AIM OF THE TASK. Work out how many lines in the data that follows contain "noteq". Write nothing but the number.

........

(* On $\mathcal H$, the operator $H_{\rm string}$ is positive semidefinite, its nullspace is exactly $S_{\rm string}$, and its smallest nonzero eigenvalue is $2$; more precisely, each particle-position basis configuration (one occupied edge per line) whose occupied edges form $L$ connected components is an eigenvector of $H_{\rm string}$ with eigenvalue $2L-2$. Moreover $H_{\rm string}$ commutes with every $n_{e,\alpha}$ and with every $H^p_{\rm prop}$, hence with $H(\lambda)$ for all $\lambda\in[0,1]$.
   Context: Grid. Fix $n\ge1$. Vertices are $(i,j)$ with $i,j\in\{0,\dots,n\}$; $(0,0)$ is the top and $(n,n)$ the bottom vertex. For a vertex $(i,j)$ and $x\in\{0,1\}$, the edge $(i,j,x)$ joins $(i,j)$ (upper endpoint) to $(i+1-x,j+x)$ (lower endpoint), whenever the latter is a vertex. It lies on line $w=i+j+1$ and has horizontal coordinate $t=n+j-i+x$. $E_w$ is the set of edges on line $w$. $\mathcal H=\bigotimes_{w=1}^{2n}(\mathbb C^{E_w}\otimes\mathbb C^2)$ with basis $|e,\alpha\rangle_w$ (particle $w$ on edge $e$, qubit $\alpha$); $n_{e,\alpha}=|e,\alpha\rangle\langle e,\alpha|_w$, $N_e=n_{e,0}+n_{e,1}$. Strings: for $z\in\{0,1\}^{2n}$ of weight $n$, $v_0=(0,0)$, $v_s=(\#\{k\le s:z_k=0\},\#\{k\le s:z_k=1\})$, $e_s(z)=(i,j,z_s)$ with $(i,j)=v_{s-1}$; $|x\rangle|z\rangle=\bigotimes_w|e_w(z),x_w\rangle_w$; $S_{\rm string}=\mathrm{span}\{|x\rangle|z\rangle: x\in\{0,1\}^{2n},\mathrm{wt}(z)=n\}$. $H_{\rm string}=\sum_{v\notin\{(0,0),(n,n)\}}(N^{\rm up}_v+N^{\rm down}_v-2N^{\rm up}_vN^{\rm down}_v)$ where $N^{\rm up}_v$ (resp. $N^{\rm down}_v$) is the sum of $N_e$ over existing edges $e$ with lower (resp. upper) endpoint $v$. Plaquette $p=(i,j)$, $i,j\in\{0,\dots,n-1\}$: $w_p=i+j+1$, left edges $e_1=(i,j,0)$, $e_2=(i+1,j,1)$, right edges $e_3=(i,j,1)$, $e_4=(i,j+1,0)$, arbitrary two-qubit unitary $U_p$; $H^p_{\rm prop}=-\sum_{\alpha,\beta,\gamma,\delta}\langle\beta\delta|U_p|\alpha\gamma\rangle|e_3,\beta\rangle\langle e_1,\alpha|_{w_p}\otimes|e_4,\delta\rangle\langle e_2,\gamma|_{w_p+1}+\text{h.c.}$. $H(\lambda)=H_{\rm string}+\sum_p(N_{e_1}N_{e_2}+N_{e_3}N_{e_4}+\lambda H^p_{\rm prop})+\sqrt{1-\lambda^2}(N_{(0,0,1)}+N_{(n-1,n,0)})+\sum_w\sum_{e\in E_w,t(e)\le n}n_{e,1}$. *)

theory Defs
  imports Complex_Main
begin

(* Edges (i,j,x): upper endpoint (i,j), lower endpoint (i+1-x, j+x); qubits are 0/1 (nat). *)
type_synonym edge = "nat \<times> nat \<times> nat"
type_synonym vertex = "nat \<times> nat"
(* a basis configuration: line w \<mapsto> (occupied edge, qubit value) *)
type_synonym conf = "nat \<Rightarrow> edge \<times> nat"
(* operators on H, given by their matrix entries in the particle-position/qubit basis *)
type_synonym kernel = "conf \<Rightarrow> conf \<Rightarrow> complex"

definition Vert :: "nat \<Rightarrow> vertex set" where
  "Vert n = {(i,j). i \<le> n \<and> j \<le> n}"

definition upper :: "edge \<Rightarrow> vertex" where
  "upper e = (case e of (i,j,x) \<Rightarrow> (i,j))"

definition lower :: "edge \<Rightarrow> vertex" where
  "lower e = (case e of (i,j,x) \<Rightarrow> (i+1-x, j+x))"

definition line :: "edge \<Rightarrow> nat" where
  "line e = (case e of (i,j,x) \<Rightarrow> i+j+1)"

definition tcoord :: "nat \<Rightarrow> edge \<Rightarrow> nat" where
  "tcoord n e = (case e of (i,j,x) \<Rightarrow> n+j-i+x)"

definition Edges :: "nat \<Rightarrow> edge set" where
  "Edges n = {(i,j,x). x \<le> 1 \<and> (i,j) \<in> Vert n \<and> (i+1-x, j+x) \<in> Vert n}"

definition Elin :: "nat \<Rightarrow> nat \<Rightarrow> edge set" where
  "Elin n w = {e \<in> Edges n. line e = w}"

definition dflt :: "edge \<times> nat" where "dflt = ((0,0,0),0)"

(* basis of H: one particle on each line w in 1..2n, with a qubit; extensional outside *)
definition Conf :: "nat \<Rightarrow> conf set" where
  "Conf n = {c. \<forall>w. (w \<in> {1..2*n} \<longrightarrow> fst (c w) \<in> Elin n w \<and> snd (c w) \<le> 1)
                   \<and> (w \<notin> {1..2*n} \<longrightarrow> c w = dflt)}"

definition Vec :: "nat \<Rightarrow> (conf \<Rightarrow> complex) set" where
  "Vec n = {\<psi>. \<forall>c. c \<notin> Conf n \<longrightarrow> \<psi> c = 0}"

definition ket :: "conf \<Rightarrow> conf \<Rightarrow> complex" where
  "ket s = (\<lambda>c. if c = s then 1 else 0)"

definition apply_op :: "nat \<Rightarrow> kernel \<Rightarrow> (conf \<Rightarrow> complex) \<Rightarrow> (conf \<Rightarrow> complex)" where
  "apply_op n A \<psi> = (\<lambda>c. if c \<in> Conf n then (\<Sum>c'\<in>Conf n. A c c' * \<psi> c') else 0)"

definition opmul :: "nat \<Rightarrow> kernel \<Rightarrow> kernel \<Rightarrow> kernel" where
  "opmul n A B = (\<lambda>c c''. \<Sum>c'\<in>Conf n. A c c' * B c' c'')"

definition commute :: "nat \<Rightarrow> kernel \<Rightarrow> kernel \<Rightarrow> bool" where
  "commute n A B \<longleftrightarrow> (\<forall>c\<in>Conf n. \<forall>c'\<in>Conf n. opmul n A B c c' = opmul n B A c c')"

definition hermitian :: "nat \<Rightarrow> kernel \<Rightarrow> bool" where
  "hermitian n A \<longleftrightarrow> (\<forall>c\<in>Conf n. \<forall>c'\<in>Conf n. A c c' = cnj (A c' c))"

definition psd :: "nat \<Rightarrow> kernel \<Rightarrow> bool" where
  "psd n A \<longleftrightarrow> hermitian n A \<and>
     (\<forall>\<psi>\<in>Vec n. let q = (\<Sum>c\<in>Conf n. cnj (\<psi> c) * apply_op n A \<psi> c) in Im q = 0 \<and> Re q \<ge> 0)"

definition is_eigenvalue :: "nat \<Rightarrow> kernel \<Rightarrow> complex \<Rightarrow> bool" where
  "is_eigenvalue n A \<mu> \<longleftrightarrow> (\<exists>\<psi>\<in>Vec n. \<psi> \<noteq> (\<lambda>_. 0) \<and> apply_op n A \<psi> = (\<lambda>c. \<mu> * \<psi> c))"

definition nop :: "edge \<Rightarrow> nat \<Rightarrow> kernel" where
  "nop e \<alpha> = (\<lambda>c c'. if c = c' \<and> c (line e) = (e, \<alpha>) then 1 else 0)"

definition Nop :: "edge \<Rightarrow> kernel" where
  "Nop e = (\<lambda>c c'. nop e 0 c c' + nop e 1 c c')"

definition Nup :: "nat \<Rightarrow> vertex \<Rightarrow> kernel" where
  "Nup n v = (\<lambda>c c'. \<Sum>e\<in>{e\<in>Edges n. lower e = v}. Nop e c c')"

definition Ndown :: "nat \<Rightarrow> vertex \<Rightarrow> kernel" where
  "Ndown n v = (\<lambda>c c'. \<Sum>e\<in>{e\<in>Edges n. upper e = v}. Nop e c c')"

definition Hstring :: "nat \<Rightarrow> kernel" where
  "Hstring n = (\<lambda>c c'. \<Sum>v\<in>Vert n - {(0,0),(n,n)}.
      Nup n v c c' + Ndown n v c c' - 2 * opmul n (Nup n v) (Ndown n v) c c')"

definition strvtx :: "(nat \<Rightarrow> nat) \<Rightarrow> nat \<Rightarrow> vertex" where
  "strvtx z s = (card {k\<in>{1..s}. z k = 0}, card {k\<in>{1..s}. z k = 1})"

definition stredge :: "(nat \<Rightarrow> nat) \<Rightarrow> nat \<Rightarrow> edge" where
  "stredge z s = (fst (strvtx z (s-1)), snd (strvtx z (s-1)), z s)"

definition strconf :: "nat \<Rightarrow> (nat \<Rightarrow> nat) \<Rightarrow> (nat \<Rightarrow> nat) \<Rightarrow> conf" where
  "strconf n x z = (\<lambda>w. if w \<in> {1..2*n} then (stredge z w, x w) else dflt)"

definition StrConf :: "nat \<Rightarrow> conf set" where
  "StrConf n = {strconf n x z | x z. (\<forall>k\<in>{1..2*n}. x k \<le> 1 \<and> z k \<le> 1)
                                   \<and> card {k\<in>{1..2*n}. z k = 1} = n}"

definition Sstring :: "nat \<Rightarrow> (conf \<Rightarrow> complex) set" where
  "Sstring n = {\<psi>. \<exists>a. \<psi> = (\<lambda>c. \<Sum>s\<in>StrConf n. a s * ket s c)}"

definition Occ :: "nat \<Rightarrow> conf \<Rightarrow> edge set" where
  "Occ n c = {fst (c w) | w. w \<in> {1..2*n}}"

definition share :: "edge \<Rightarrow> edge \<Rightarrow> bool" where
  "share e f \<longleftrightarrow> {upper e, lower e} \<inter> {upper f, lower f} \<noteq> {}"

........

EXERCISE SOLUTION. 2